WHAT IS NEEDED -
An exact copy of all entries is required.
Top of MATERIAL FOR THE TASK
(* Let $\mathbf{x}\in(\Sigma^* )^\circ$ be arbitrary and let $\mathbf{s}\in\mathbb{R}^U$. Define the block-diagonal symmetric matrix \[ \mathbf{S}(\mathbf{x},\mathbf{s}) := \Lambda(\mathbf{x})^{-1}\,\Lambda\!\left(H(\mathbf{x})^{-1}\mathbf{s}\right)\Lambda(\mathbf{x})^{-1}. \] Then $\Lambda^*(\mathbf{S}(\mathbf{x},\mathbf{s}))=\mathbf{s}$. Moreover, for $\mathbf{s}\in\Sigma$, $\mathbf{x}$ is a dual certificate of $\mathbf{s}$ (i.e. $H(\mathbf{x})^{-1}\mathbf{s}\in\Sigma^*$) if and only if $\mathbf{S}(\mathbf{x},\mathbf{s})\succeq \mathbf{0}$.
   Context: Fix nonzero real polynomials $g_1,\dots,g_m$ in $n$ variables and nonnegative integers $d_1,\dots,d_m$. Let $\mathcal V$ be the real vector space of polynomials of the form $\sum_{i=1}^m g_i r_i$ with each $r_i$ a polynomial of degree at most $2d_i$, and let $\Sigma\subseteq\mathcal V$ be the cone of weighted sums of squares $\sum_{i=1}^m g_i\sigma_i$, where each $\sigma_i$ is a sum of squares of polynomials of degree at most $d_i$. Assume $\Sigma$ is a proper cone (closed, convex, pointed, full-dimensional in $\mathcal V$). Fix an ordered basis $\mathbf q=(q_1,\dots,q_U)$ of $\mathcal V$ and identify $\mathcal V$ and its dual with $\mathbb R^U$ (coefficient vectors), with the standard inner product and Euclidean norm $\|\cdot\|$; $\Sigma^*=\{\mathbf x:\mathbf x^T\mathbf s\ge 0\ \forall \mathbf s\in\Sigma\}$ is the dual cone and $K^\circ$ denotes the interior of $K$. For each $i$ fix an ordered basis $\mathbf p_i=(p_{i,1},\dots,p_{i,L_i})$ of the polynomials of degree at most $d_i$, and let $\Lambda_i:\mathbb R^U\to\mathbb S^{L_i}$ be the unique linear map with $\sum_{u=1}^U q_u\Lambda_i(\mathbf e_u)=g_i\mathbf p_i\mathbf p_i^T$ (as matrices of polynomials). Let $\Lambda=\Lambda_1\oplus\cdots\oplus\Lambda_m$, mapping $\mathbb R^U$ into block-diagonal symmetric matrices, and $\Lambda^*$ its adjoint with respect to the trace inner product. Then $\Sigma^*=\{\mathbf x:\Lambda(\mathbf x)\succeq 0\}$ and $(\Sigma^* )^\circ=\{\mathbf x:\Lambda(\mathbf x)\succ0\}$. Let $f(\mathbf x)=-\ln\det\Lambda(\mathbf x)$ on $(\Sigma^* )^\circ$; its Hessian $H(\mathbf x)$ is the positive definite operator $H(\mathbf x)\mathbf w=\Lambda^*(\Lambda(\mathbf x)^{-1}\Lambda(\mathbf w)\Lambda(\mathbf x)^{-1})$. A vector $\mathbf x\in(\Sigma^* )^\circ$ is called a dual certificate of $\mathbf s\in\Sigma$ if $H(\mathbf x)^{-1}\mathbf s\in\Sigma^*$. *)

theory Defs
  imports "HOL-Analysis.Analysis" "Jordan_Normal_Form.Matrix"
begin

text \<open>Points of R^n are functions 'n => real ('n finite); real polynomial functions in n
  variables are represented by their (polynomial) functions R^n -> R.  Coefficient vectors
  in R^U are functions 'u => real ('u finite, CARD('u) = U), with the product (= Euclidean)
  topology.\<close>

definition monomial :: "('n::finite \<Rightarrow> nat) \<Rightarrow> ('n \<Rightarrow> real) \<Rightarrow> real" where
  "monomial \<alpha> z = (\<Prod>i\<in>UNIV. z i ^ \<alpha> i)"

definition exps_le :: "nat \<Rightarrow> ('n::finite \<Rightarrow> nat) set" where
  "exps_le d = {\<alpha>. (\<Sum>i\<in>UNIV. \<alpha> i) \<le> d}"

definition poly_deg_le :: "nat \<Rightarrow> (('n::finite \<Rightarrow> real) \<Rightarrow> real) \<Rightarrow> bool" where
  "poly_deg_le d f \<longleftrightarrow> (\<exists>c. f = (\<lambda>z. \<Sum>\<alpha>\<in>exps_le d. c \<alpha> * monomial \<alpha> z))"

definition is_poly :: "(('n::finite \<Rightarrow> real) \<Rightarrow> real) \<Rightarrow> bool" where
  "is_poly f \<longleftrightarrow> (\<exists>d. poly_deg_le d f)"

definition sos_deg_le :: "nat \<Rightarrow> (('n::finite \<Rightarrow> real) \<Rightarrow> real) \<Rightarrow> bool" where
  "sos_deg_le d \<sigma> \<longleftrightarrow>
     (\<exists>hs. (\<forall>h\<in>set hs. poly_deg_le d h) \<and> \<sigma> = (\<lambda>z. \<Sum>h\<leftarrow>hs. (h z)\<^sup>2))"

definition Vspace :: "(nat \<Rightarrow> ('n::finite \<Rightarrow> real) \<Rightarrow> real) \<Rightarrow> (nat \<Rightarrow> nat) \<Rightarrow> nat
    \<Rightarrow> (('n \<Rightarrow> real) \<Rightarrow> real) set" where
  "Vspace g d m = {f. \<exists>r. (\<forall>i<m. poly_deg_le (2 * d i) (r i)) \<and>
                          f = (\<lambda>z. \<Sum>i<m. g i z * r i z)}"

definition WSOS :: "(nat \<Rightarrow> ('n::finite \<Rightarrow> real) \<Rightarrow> real) \<Rightarrow> (nat \<Rightarrow> nat) \<Rightarrow> nat
    \<Rightarrow> (('n \<Rightarrow> real) \<Rightarrow> real) set" where
  "WSOS g d m = {f. \<exists>\<sigma>. (\<forall>i<m. sos_deg_le (d i) (\<sigma> i)) \<and>
                          f = (\<lambda>z. \<Sum>i<m. g i z * \<sigma> i z)}"

definition poly_of :: "('u::finite \<Rightarrow> ('n \<Rightarrow> real) \<Rightarrow> real) \<Rightarrow> ('u \<Rightarrow> real)
    \<Rightarrow> ('n \<Rightarrow> real) \<Rightarrow> real" where
  "poly_of q s = (\<lambda>z. \<Sum>u\<in>UNIV. s u * q u z)"

definition is_basis_fun :: "('u::finite \<Rightarrow> ('n \<Rightarrow> real) \<Rightarrow> real)
    \<Rightarrow> (('n \<Rightarrow> real) \<Rightarrow> real) set \<Rightarrow> bool" where
  "is_basis_fun q V \<longleftrightarrow> (\<forall>u. q u \<in> V) \<and> (\<forall>f\<in>V. \<exists>s. f = poly_of q s) \<and>
     (\<forall>s. poly_of q s = (\<lambda>z. 0) \<longrightarrow> s = (\<lambda>u. 0))"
Bottom of MATERIAL FOR THE TASK
ANSWER -
(* Let $\mathbf{x}\in(\Sigma^* )^\circ$ be arbitrary and let $\mathbf{s}\in\mathbb{R}^U$. Define the block-diagonal symmetric matrix \[ \mathbf{S}(\mathbf{x},\mathbf{s}) := \Lambda(\mathbf{x})^{-1}\,\Lambda\!\left(H(\mathbf{x})^{-1}\mathbf{s}\right)\Lambda(\mathbf{x})^{-1}. \] Then $\Lambda^*(\mathbf{S}(\mathbf{x},\mathbf{s}))=\mathbf{s}$. Moreover, for $\mathbf{s}\in\Sigma$, $\mathbf{x}$ is a dual certificate of $\mathbf{s}$ (i.e. $H(\mathbf{x})^{-1}\mathbf{s}\in\Sigma^*$) if and only if $\mathbf{S}(\mathbf{x},\mathbf{s})\succeq \mathbf{0}$.
   Context: Fix nonzero real polynomials $g_1,\dots,g_m$ in $n$ variables and nonnegative integers $d_1,\dots,d_m$. Let $\mathcal V$ be the real vector space of polynomials of the form $\sum_{i=1}^m g_i r_i$ with each $r_i$ a polynomial of degree at most $2d_i$, and let $\Sigma\subseteq\mathcal V$ be the cone of weighted sums of squares $\sum_{i=1}^m g_i\sigma_i$, where each $\sigma_i$ is a sum of squares of polynomials of degree at most $d_i$. Assume $\Sigma$ is a proper cone (closed, convex, pointed, full-dimensional in $\mathcal V$). Fix an ordered basis $\mathbf q=(q_1,\dots,q_U)$ of $\mathcal V$ and identify $\mathcal V$ and its dual with $\mathbb R^U$ (coefficient vectors), with the standard inner product and Euclidean norm $\|\cdot\|$; $\Sigma^*=\{\mathbf x:\mathbf x^T\mathbf s\ge 0\ \forall \mathbf s\in\Sigma\}$ is the dual cone and $K^\circ$ denotes the interior of $K$. For each $i$ fix an ordered basis $\mathbf p_i=(p_{i,1},\dots,p_{i,L_i})$ of the polynomials of degree at most $d_i$, and let $\Lambda_i:\mathbb R^U\to\mathbb S^{L_i}$ be the unique linear map with $\sum_{u=1}^U q_u\Lambda_i(\mathbf e_u)=g_i\mathbf p_i\mathbf p_i^T$ (as matrices of polynomials). Let $\Lambda=\Lambda_1\oplus\cdots\oplus\Lambda_m$, mapping $\mathbb R^U$ into block-diagonal symmetric matrices, and $\Lambda^*$ its adjoint with respect to the trace inner product. Then $\Sigma^*=\{\mathbf x:\Lambda(\mathbf x)\succeq 0\}$ and $(\Sigma^* )^\circ=\{\mathbf x:\Lambda(\mathbf x)\succ0\}$. Let $f(\mathbf x)=-\ln\det\Lambda(\mathbf x)$ on $(\Sigma^* )^\circ$; its Hessian $H(\mathbf x)$ is the positive definite operator $H(\mathbf x)\mathbf w=\Lambda^*(\Lambda(\mathbf x)^{-1}\Lambda(\mathbf w)\Lambda(\mathbf x)^{-1})$. A vector $\mathbf x\in(\Sigma^* )^\circ$ is called a dual certificate of $\mathbf s\in\Sigma$ if $H(\mathbf x)^{-1}\mathbf s\in\Sigma^*$. *)

theory Defs
  imports "HOL-Analysis.Analysis" "Jordan_Normal_Form.Matrix"
begin

text \<open>Points of R^n are functions 'n => real ('n finite); real polynomial functions in n
  variables are represented by their (polynomial) functions R^n -> R.  Coefficient vectors
  in R^U are functions 'u => real ('u finite, CARD('u) = U), with the product (= Euclidean)
  topology.\<close>

definition monomial :: "('n::finite \<Rightarrow> nat) \<Rightarrow> ('n \<Rightarrow> real) \<Rightarrow> real" where
  "monomial \<alpha> z = (\<Prod>i\<in>UNIV. z i ^ \<alpha> i)"

definition exps_le :: "nat \<Rightarrow> ('n::finite \<Rightarrow> nat) set" where
  "exps_le d = {\<alpha>. (\<Sum>i\<in>UNIV. \<alpha> i) \<le> d}"

definition poly_deg_le :: "nat \<Rightarrow> (('n::finite \<Rightarrow> real) \<Rightarrow> real) \<Rightarrow> bool" where
  "poly_deg_le d f \<longleftrightarrow> (\<exists>c. f = (\<lambda>z. \<Sum>\<alpha>\<in>exps_le d. c \<alpha> * monomial \<alpha> z))"

definition is_poly :: "(('n::finite \<Rightarrow> real) \<Rightarrow> real) \<Rightarrow> bool" where
  "is_poly f \<longleftrightarrow> (\<exists>d. poly_deg_le d f)"

definition sos_deg_le :: "nat \<Rightarrow> (('n::finite \<Rightarrow> real) \<Rightarrow> real) \<Rightarrow> bool" where
  "sos_deg_le d \<sigma> \<longleftrightarrow>
     (\<exists>hs. (\<forall>h\<in>set hs. poly_deg_le d h) \<and> \<sigma> = (\<lambda>z. \<Sum>h\<leftarrow>hs. (h z)\<^sup>2))"

definition Vspace :: "(nat \<Rightarrow> ('n::finite \<Rightarrow> real) \<Rightarrow> real) \<Rightarrow> (nat \<Rightarrow> nat) \<Rightarrow> nat
    \<Rightarrow> (('n \<Rightarrow> real) \<Rightarrow> real) set" where
  "Vspace g d m = {f. \<exists>r. (\<forall>i<m. poly_deg_le (2 * d i) (r i)) \<and>
                          f = (\<lambda>z. \<Sum>i<m. g i z * r i z)}"

definition WSOS :: "(nat \<Rightarrow> ('n::finite \<Rightarrow> real) \<Rightarrow> real) \<Rightarrow> (nat \<Rightarrow> nat) \<Rightarrow> nat
    \<Rightarrow> (('n \<Rightarrow> real) \<Rightarrow> real) set" where
  "WSOS g d m = {f. \<exists>\<sigma>. (\<forall>i<m. sos_deg_le (d i) (\<sigma> i)) \<and>
                          f = (\<lambda>z. \<Sum>i<m. g i z * \<sigma> i z)}"

definition poly_of :: "('u::finite \<Rightarrow> ('n \<Rightarrow> real) \<Rightarrow> real) \<Rightarrow> ('u \<Rightarrow> real)
    \<Rightarrow> ('n \<Rightarrow> real) \<Rightarrow> real" where
  "poly_of q s = (\<lambda>z. \<Sum>u\<in>UNIV. s u * q u z)"

definition is_basis_fun :: "('u::finite \<Rightarrow> ('n \<Rightarrow> real) \<Rightarrow> real)
    \<Rightarrow> (('n \<Rightarrow> real) \<Rightarrow> real) set \<Rightarrow> bool" where
  "is_basis_fun q V \<longleftrightarrow> (\<forall>u. q u \<in> V) \<and> (\<forall>f\<in>V. \<exists>s. f = poly_of q s) \<and>
     (\<forall>s. poly_of q s = (\<lambda>z. 0) \<longrightarrow> s = (\<lambda>u. 0))"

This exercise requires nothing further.